Activity => The answer must be a single number: how many lines of the records below hold the word "close".

(Stored items)
=== Section Start ===

(* Consider an open chain of $M$ sites, each site $m$ carrying one spinless fermion mode (operators $c_m, c_m^\dagger$ with $\{c_m,c_{m'}^\dagger\}=\delta_{m,m'}$) and one spin-$1/2$. Let $\gamma_m, J_m$ be real numbers with $\gamma_m\neq 0$, and for $1\le m\le M$ define $$\hat h_m^{(L)} = -\gamma_{m-1}c_{m-1}^\dagger c_m + J_{m-1}c_{m-1}^\dagger c_m\sigma_m^-,\qquad \hat h_m^{(R)} = -\gamma_m c_{m+1}^\dagger c_m + J_m c_{m+1}^\dagger c_m \sigma_{m+1}^+,$$ with $\hat h_1^{(L)}=\hat h_M^{(R)}=0$. Fix $Q$ with $1\le Q\le M-2$. Let $|\xi\rangle$ be a state with exactly $Q$ fermions, of the form $|\xi\rangle = c_{f_Q}^\dagger\cdots c_{f_1}^\dagger|\Omega\rangle\otimes|s_1\rangle\otimes\cdots\otimes|s_M\rangle$ with $f_1<\dots<f_Q$, and suppose there is $q\in\{1,\dots,Q\}$ with $f_q\le M-2$ such that sites $f_q+1$ and $f_q+2$ are unoccupied. Then there exist spin states $|s'_{f_q+1}\rangle, |s'_{f_q+2}\rangle$ such that the state $|\xi'\rangle$, obtained from $|\xi\rangle$ by replacing $c_{f_q}^\dagger$ by $c_{f_q+2}^\dagger$ (all other fermion positions unchanged) and replacing $|s_{f_q+1}\rangle,|s_{f_q+2}\rangle$ by $|s'_{f_q+1}\rangle,|s'_{f_q+2}\rangle$ (all other spins unchanged), satisfies $$\hat h_{f_q}^{(R)}|\xi\rangle + \hat h_{f_q+2}^{(L)}|\xi'\rangle = 0.$$
   Context: $|\Omega\rangle$ is the fermion vacuum. For the spin on site $m$, $\sigma_m^{x,y,z}$ are Pauli matrices, $\sigma_m^{\pm}=\sigma_m^x\pm i\sigma_m^y$ (so $\sigma^+$ raises and $\sigma^-$ lowers $\sigma^z$). Fermion operators act on the fermionic factor and spin operators on the spin factors of the tensor product. *)

theory Defs
  imports Complex_Main
begin

text \<open>Hilbert space of the chain: basis configurations are pairs (S, sig) where
  S is the set of occupied fermion sites and sig m is the spin on site m
  (True = spin up, i.e. sigma^z = +1; False = spin down).  The fermionic basis vector for
  S = {f_1 < ... < f_Q} is c^dag_{f_Q} ... c^dag_{f_1} |Omega>.\<close>

type_synonym config = "nat set \<times> (nat \<Rightarrow> bool)"
type_synonym state = "config \<Rightarrow> complex"

definition cdag :: "nat \<Rightarrow> state \<Rightarrow> state" where
  "cdag j \<psi> = (\<lambda>(S, sig). if j \<in> S
      then (-1) ^ card {k \<in> S. j < k} * \<psi> (S - {j}, sig) else 0)"

definition cann :: "nat \<Rightarrow> state \<Rightarrow> state" where
  "cann j \<psi> = (\<lambda>(S, sig). if j \<notin> S
      then (-1) ^ card {k \<in> S. j < k} * \<psi> (insert j S, sig) else 0)"

text \<open>Single-site spin operator given by a 2x2 matrix A (A a b = <a|A|b>).\<close>

definition site_op :: "nat \<Rightarrow> (bool \<Rightarrow> bool \<Rightarrow> complex) \<Rightarrow> state \<Rightarrow> state" where
  "site_op m A \<psi> = (\<lambda>(S, sig). \<Sum>b\<in>UNIV. A (sig m) b * \<psi> (S, sig(m := b)))"

definition pauli_x :: "bool \<Rightarrow> bool \<Rightarrow> complex" where
  "pauli_x a b = (if a \<noteq> b then 1 else 0)"

definition pauli_y :: "bool \<Rightarrow> bool \<Rightarrow> complex" where
  "pauli_y a b = (if a \<noteq> b then (if a then - \<i> else \<i>) else 0)"

definition pauli_z :: "bool \<Rightarrow> bool \<Rightarrow> complex" where
  "pauli_z a b = (if a = b then (if a then 1 else -1) else 0)"

definition sigma_plus :: "nat \<Rightarrow> state \<Rightarrow> state" where
  "sigma_plus m = site_op m (\<lambda>a b. pauli_x a b + \<i> * pauli_y a b)"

=== Section End ===

Task response => 2